section \<open>From local to global divisibility\<close>

lemma cnorm_roots_real:
  assumes zr: "\<forall>x y. on_curve q x y \<and> ceval g x y = 0 \<longrightarrow> Im x = 0 \<and> Im y = 0"
    and z: "poly (cp (cnorm q g)) z = 0"
  shows "\<exists>x0 y0. z = complex_of_real x0 \<and> y0 ^ 2 + poly q x0 = 0"
proof -
  define y where "y = csqrt (- poly (cp q) z)"
  have y2: "y ^ 2 = - poly (cp q) z" by (simp add: y_def)
  let ?a = "poly (cp (fst g)) z" and ?b = "poly (cp (snd g)) z"
  have "poly (cp (cnorm q g)) z = ?a ^ 2 + poly (cp q) z * ?b ^ 2"
    by (simp add: cnorm_def cp_add cp_mult cp_power)
  also have "\<dots> = ?a ^ 2 - ?b ^ 2 * y ^ 2" using y2 by simp
  also have "\<dots> = ceval g z y * ceval g z (-y)"
    unfolding ceval_def by (simp add: power2_eq_square algebra_simps)
  finally have "ceval g z y = 0 \<or> ceval g z (-y) = 0" using z by simp
  then obtain y' where y': "ceval g z y' = 0" "y' ^ 2 = - poly (cp q) z"
    using y2 by (metis power2_minus)
  moreover have "on_curve q z y'" using y' by (simp add: on_curve_def)
  ultimately have "Im z = 0" "Im y' = 0" using zr by blast+
  then have zr: "z = complex_of_real (Re z)" and yr: "y' = complex_of_real (Re y')"
    by (simp_all add: complex_eq_iff)
  have "complex_of_real ((Re y') ^ 2 + poly q (Re z)) =
        (complex_of_real (Re y')) ^ 2 + poly (cp q) (complex_of_real (Re z))"
    by (simp add: poly_cp_real)
  also have "\<dots> = y' ^ 2 + poly (cp q) z" using zr yr by simp
  also have "\<dots> = 0" using y' by simp
  finally have "(Re y') ^ 2 + poly q (Re z) = 0" by (simp only: of_real_eq_0_iff)
  then show ?thesis using zr by blast
qed

lemma dvd_if_root_powers_dvd:
  fixes G A :: "real poly"
  assumes "G \<noteq> 0" and "\<forall>z. poly (cp G) z = 0 \<longrightarrow> (\<exists>x. z = complex_of_real x)"
    and "\<forall>x. poly G x = 0 \<longrightarrow> [:-x, 1:] ^ order x G dvd A"
  shows "G dvd A"
proof -
  have "G \<noteq> 0 \<longrightarrow> (\<forall>z. poly (cp G) z = 0 \<longrightarrow> (\<exists>x. z = complex_of_real x)) \<longrightarrow>
    (\<forall>A. (\<forall>x. poly G x = 0 \<longrightarrow> [:-x, 1:] ^ order x G dvd A) \<longrightarrow> G dvd A)"
  proof (induction G rule: poly_root_order_induct)
    case (no_roots p)
    show ?case
    proof (intro impI allI)
      assume p0: "p \<noteq> 0" and "\<forall>z. poly (cp p) z = 0 \<longrightarrow> (\<exists>x. z = complex_of_real x)"
      then have "\<not> (\<exists>z. poly (cp p) z = 0)"
        using no_roots poly_cp_real by (metis of_real_eq_0_iff)
      then have "constant (poly (cp p))" using fundamental_theorem_of_algebra by blast
      then have "degree p = 0" by (simp add: constant_degree degree_map_poly)
      then show "p dvd A" for A using p0 is_unit_iff_degree unit_imp_dvd by blast
    qed
  next
    case (root p x n)
    show ?case
    proof (intro impI allI)
      let ?L = "[:-x, 1:] ^ n"
      assume G0: "?L * p \<noteq> 0"
        and cr: "\<forall>z. poly (cp (?L * p)) z = 0 \<longrightarrow> (\<exists>x. z = complex_of_real x)"
      fix A assume H: "\<forall>y. poly (?L * p) y = 0 \<longrightarrow> [:-y, 1:] ^ order y (?L * p) dvd A"
      have "order x (?L * p) = n"
        using G0 root.hyps(2) by (simp add: order_mult order_power_n_n order_0I)
      moreover have "poly (?L * p) x = 0" using root.hyps(1) by simp
      ultimately have "?L dvd A" using H by metis
      then obtain A' where A': "A = ?L * A'" by (auto elim: dvdE)
      have "[:-y, 1:] ^ order y p dvd A'" if py: "poly p y = 0" for y
      proof -
        have oL: "order y ?L = 0" using py root.hyps(2) by (intro order_0I) auto
        then have "order y (?L * p) = order y p" using G0 by (simp add: order_mult)
        then have d: "[:-y, 1:] ^ order y p dvd ?L * A'"
          using H py A' by (metis poly_mult mult_zero_right)
        show ?thesis
        proof (cases "A' = 0")
          case False
          then have "order y p \<le> order y (?L * A')" using d by (simp add: order_divides)
          also have "\<dots> = order y A'" using False oL by (simp add: order_mult)
          finally show ?thesis by (simp add: order_divides)
        qed simp
      qed
      moreover have "\<forall>z. poly (cp p) z = 0 \<longrightarrow> (\<exists>x. z = complex_of_real x)"
        using cr by (simp add: cp_mult)
      ultimately have "p dvd A'" using root.IH G0 by auto
      then show "?L * p dvd A" using A' by simp
    qed
  qed simp
  then show ?thesis using assms by blast
qed

context smooth_quartic_curve
begin

text \<open>N(g) divides k b conj(g): at every zero x0 of N(g) (a real point of the curve,
  ramified or not) the local estimate gives divisibility by the full power of (x - x0).\<close>
lemma cnorm_dvd_conj_product:
  assumes zr: "\<forall>x y. on_curve q x y \<and> ceval g x y = 0 \<longrightarrow> Im x = 0 \<and> Im y = 0"
    and k: "cmul q k k = cmul q f g" and f: "f \<noteq> czero" and g: "g \<noteq> czero"
    and gs: "g = csos q bs" and b: "b \<in> set bs"
  shows "cnorm q g dvd fst (cmul q (cmul q k b) (cconj g)) \<and>
         cnorm q g dvd snd (cmul q (cmul q k b) (cconj g))"
proof -
  let ?W = "cmul q (cmul q k b) (cconj g)"
  have local: "[:-x, 1:] ^ order x (cnorm q g) dvd fst ?W \<and>
               [:-x, 1:] ^ order x (cnorm q g) dvd snd ?W"
    if "poly (cnorm q g) x = 0" for x
  proof -
    have "poly (cp (cnorm q g)) (complex_of_real x) = 0" using that by (simp add: poly_cp_real)
    then obtain x0 y0 where "complex_of_real x = complex_of_real x0" "y0 ^ 2 + poly q x0 = 0"
      using cnorm_roots_real[OF zr] by blast
    then have xy: "y0 ^ 2 + poly q x = 0" by simp
    show ?thesis
    proof (cases "y0 = 0")
      case True
      then have "poly q x = 0" using xy by simp
      then show ?thesis
        using ram_dvd[OF _ rsquarefree_no_double_root[OF q_rsquarefree] k f g gs b] by blast
    next
      case False
      then have "y0 ^ 2 > 0" by simp
      then have "poly q x < 0" using xy by linarith
      then show ?thesis using unram_dvd[OF _ k f g gs b] by blast
    qed
  qed
  have nz: "cnorm q g \<noteq> 0" using g cnorm_eq_0 by blast
  have roots: "\<forall>z. poly (cp (cnorm q g)) z = 0 \<longrightarrow> (\<exists>x. z = complex_of_real x)"
    using cnorm_roots_real[OF zr] by blast
  show ?thesis
    by (intro conjI dvd_if_root_powers_dvd[OF nz roots]) (use local in blast)+
qed

lemma dvd_k_summand:
  assumes zr: "\<forall>x y. on_curve q x y \<and> ceval g x y = 0 \<longrightarrow> Im x = 0 \<and> Im y = 0"
    and k: "cmul q k k = cmul q f g" and f: "f \<noteq> czero" and g: "g \<noteq> czero"
    and gs: "g = csos q bs" and b: "b \<in> set bs"
  shows "\<exists>a. cmul q g a = cmul q k b"
proof -
  let ?W = "cmul q (cmul q k b) (cconj g)" and ?N = "cnorm q g"
  define a where "a = (fst ?W div ?N, snd ?W div ?N)"
  have cg: "cconj g \<noteq> czero" using g by (cases g) (simp add: cconj_def czero_def)
  have "cmul q (cconj g) g = (?N, 0)" using cmul_comm cmul_conj by metis
  then have "cmul q (cconj g) (cmul q g a) = cmul q (?N, 0) a" by (simp flip: cmul_assoc)
  also have "\<dots> = ?W"
    using cnorm_dvd_conj_product[OF zr k f g gs b] by (simp add: cmul_const a_def)
  also have "\<dots> = cmul q (cconj g) (cmul q k b)" by (rule cmul_comm)
  finally have "cmul q g a = cmul q k b" by (rule cmul_cancel[OF cg])
  then show ?thesis by blast
qed

end


section \<open>Rescaling sums of squares and the bound on theta\<close>

lemma ereal_half_shift:
  fixes A B :: ereal and rg rf rk :: real
  assumes "ereal rg + A = ereal rk + B" "ereal rk + ereal rk = ereal rf + ereal rg"
    "A \<noteq> \<infinity>" "B \<noteq> \<infinity>"
  shows "A = B + (ereal rf - ereal rg) / 2"
  using assms by (cases A; cases B) (auto simp: field_simps)

context quartic_curve
begin

lemma sos_of_divisible_summands:
  assumes k: "cmul q k k = cmul q f g" and f: "f \<noteq> czero" and g: "g \<noteq> czero"
    and gs: "g = csos q bs" and dvd: "\<forall>b\<in>set bs. \<exists>a. cmul q g a = cmul q k b"
  shows "\<exists>as. length as = length bs \<and> f = csos q as \<and>
           (\<forall>i<length bs. delta (as ! i) = delta (bs ! i) + (delta f - delta g) / 2)"
proof -
  obtain quot where quot: "\<And>b. b \<in> set bs \<Longrightarrow> cmul q g (quot b) = cmul q k b"
    using dvd by metis
  define as where "as = map quot bs"
  have gg: "cmul q g g \<noteq> czero" using g by (simp add: cmul_eq_czero)
  have "cmul q (cmul q g g) (csos q as) = csos q (map (cmul q k) bs)"
    using quot by (simp add: csos_cmul_square as_def cong: map_cong)
  also have "\<dots> = cmul q (cmul q g g) f"
    by (simp flip: csos_cmul_square add: k gs) (simp add: cmul_def algebra_simps)
  finally have "csos q as = f" by (rule cmul_cancel[OF gg])
  moreover have "delta (as ! i) = delta (bs ! i) + (delta f - delta g) / 2"
    if i: "i < length bs" for i
  proof -
    have "cmul q g (as ! i) = cmul q k (bs ! i)" using quot i by (simp add: as_def)
    then have e1: "delta g + delta (as ! i) = delta k + delta (bs ! i)" by (metis delta_cmul)
    have e2: "delta k + delta k = delta f + delta g" using k delta_cmul by metis
    have "k \<noteq> czero" using k f g cmul_eq_czero by metis
    then obtain mk where mk: "delta k = ereal (real mk)" using delta_nat by blast
    obtain mf mg where mf: "delta f = ereal (real mf)" and mg: "delta g = ereal (real mg)"
      using delta_nat f g by metis
    show ?thesis using ereal_half_shift[of mg "delta (as ! i)" mk "delta (bs ! i)" mf] e1 e2
        mf mg mk delta_not_inf by simp
  qed
  ultimately show ?thesis by (intro exI[of _ as]) (auto simp: as_def)
qed

lemma theta_le:
  assumes f: "f \<noteq> czero" and fs: "f = csos q fs" and bound: "\<forall>h\<in>set fs. delta h \<le> ereal r"
  shows "theta q f \<le> ereal r"
proof -
  obtain i where i: "i < length fs" "fs ! i \<noteq> czero" using csos_nonzero_summand f fs by blast
  then obtain m where "delta (fs ! i) = ereal (real m)" using delta_nat by blast
  then have r0: "0 \<le> r" using bound i by (metis nth_mem of_nat_0_le_iff ereal_less_eq(3) order.trans)
  have "delta h \<le> ereal (real (nat \<lfloor>r\<rfloor>))" if "h \<in> set fs" for h
  proof (cases "h = czero")
    case False
    then obtain m where m: "delta h = ereal (real m)" using delta_nat by blast
    then have "ereal (real m) \<le> ereal r" using bound that by metis
    then have "real m \<le> r" by simp
    then have "m \<le> nat \<lfloor>r\<rfloor>" by linarith
    then show ?thesis using m by simp
  qed (simp add: delta_czero)
  then have P: "\<exists>fs'. f = csos q fs' \<and> (\<forall>h\<in>set fs'. delta h \<le> ereal (real (nat \<lfloor>r\<rfloor>)))"
    using fs by blast
  then have "theta q f = ereal (real (LEAST d::nat. \<exists>fs. f = csos q fs \<and>
      (\<forall>h\<in>set fs. delta h \<le> ereal (real d))))"
    by (auto simp: theta_def)
  moreover have "(LEAST d::nat. \<exists>fs. f = csos q fs \<and> (\<forall>h\<in>set fs. delta h \<le> ereal (real d)))
      \<le> nat \<lfloor>r\<rfloor>"
    using P by (rule Least_le)
  ultimately show ?thesis using r0 by simp linarith
qed

lemma theta_attained:
  assumes "theta q g \<noteq> \<infinity>"
  shows "\<exists>d::nat. theta q g = ereal (real d) \<and>
           (\<exists>bs. g = csos q bs \<and> (\<forall>h\<in>set bs. delta h \<le> ereal (real d)))"
proof -
  let ?P = "\<lambda>d::nat. \<exists>bs. g = csos q bs \<and> (\<forall>h\<in>set bs. delta h \<le> ereal (real d))"
  have "\<exists>d. ?P d" using assms by (auto simp: theta_def split: if_splits)
  then have "?P (LEAST d. ?P d)" by (rule LeastI_ex)
  moreover have "theta q g = ereal (real (LEAST d. ?P d))" using \<open>\<exists>d. ?P d\<close> by (simp add: theta_def)
  ultimately show ?thesis by blast
qed

lemma theta_bound_of_rescaling:
  assumes f: "f \<noteq> czero" and g: "g \<noteq> czero"
    and rescale: "\<And>bs. g = csos q bs \<Longrightarrow> \<exists>as. length as = length bs \<and> f = csos q as \<and>
           (\<forall>i<length bs. delta (as ! i) = delta (bs ! i) + (delta f - delta g) / 2)"
  shows "2 * theta q f - delta f \<le> 2 * theta q g - delta g"
proof -
  obtain mf mg :: nat where mf: "delta f = ereal (real mf)" and mg: "delta g = ereal (real mg)"
    using delta_nat f g by metis
  define D where "D = (real mf - real mg) / 2"
  have shift: "(delta f - delta g) / 2 = ereal D" by (simp add: mf mg D_def)
  show ?thesis
  proof (cases "theta q g = \<infinity>")
    case True
    then show ?thesis using mg by simp
  next
    case False
    then obtain d bs where d: "theta q g = ereal (real d)" and bs: "g = csos q bs"
      and bound: "\<forall>h\<in>set bs. delta h \<le> ereal (real d)"
      using theta_attained by blast
    obtain as where as: "length as = length bs" "f = csos q as"
      "\<forall>i<length bs. delta (as ! i) = delta (bs ! i) + ereal D"
      using rescale[OF bs] shift by auto
    have "\<forall>h\<in>set as. delta h \<le> ereal (real d + D)"
    proof
      fix h assume "h \<in> set as"
      then obtain i where i: "i < length bs" "h = as ! i" using as(1) by (auto simp: in_set_conv_nth)
      then have "delta h = delta (bs ! i) + ereal D" using as(3) by simp
      also have "\<dots> \<le> ereal (real d) + ereal D" using bound i by (intro add_right_mono) auto
      finally show "delta h \<le> ereal (real d + D)" by simp
    qed
    then have le: "theta q f \<le> ereal (real d + D)" using theta_le[OF f as(2)] by blast
    moreover have "theta q f \<noteq> -\<infinity>" by (simp add: theta_def)
    ultimately obtain t where t: "theta q f = ereal t" by (cases "theta q f") auto
    have "2 * t - real mf \<le> 2 * real d - real mg" using le t by (simp add: D_def field_simps)
    then show ?thesis using t d mf mg by simp
  qed
qed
————
In the listing above, find the line with "fix A assume" and the line with "root.IH G0 by auto". Output those two lines and every line between them, exactly as written.

      fix A assume H: "\<forall>y. poly (?L * p) y = 0 \<longrightarrow> [:-y, 1:] ^ order y (?L * p) dvd A"
      have "order x (?L * p) = n"
        using G0 root.hyps(2) by (simp add: order_mult order_power_n_n order_0I)
      moreover have "poly (?L * p) x = 0" using root.hyps(1) by simp
      ultimately have "?L dvd A" using H by metis
      then obtain A' where A': "A = ?L * A'" by (auto elim: dvdE)
      have "[:-y, 1:] ^ order y p dvd A'" if py: "poly p y = 0" for y
      proof -
        have oL: "order y ?L = 0" using py root.hyps(2) by (intro order_0I) auto
        then have "order y (?L * p) = order y p" using G0 by (simp add: order_mult)
        then have d: "[:-y, 1:] ^ order y p dvd ?L * A'"
          using H py A' by (metis poly_mult mult_zero_right)
        show ?thesis
        proof (cases "A' = 0")
          case False
          then have "order y p \<le> order y (?L * A')" using d by (simp add: order_divides)
          also have "\<dots> = order y A'" using False oL by (simp add: order_mult)
          finally show ?thesis by (simp add: order_divides)
        qed simp
      qed
      moreover have "\<forall>z. poly (cp p) z = 0 \<longrightarrow> (\<exists>x. z = complex_of_real x)"
        using cr by (simp add: cp_mult)
      ultimately have "p dvd A'" using root.IH G0 by auto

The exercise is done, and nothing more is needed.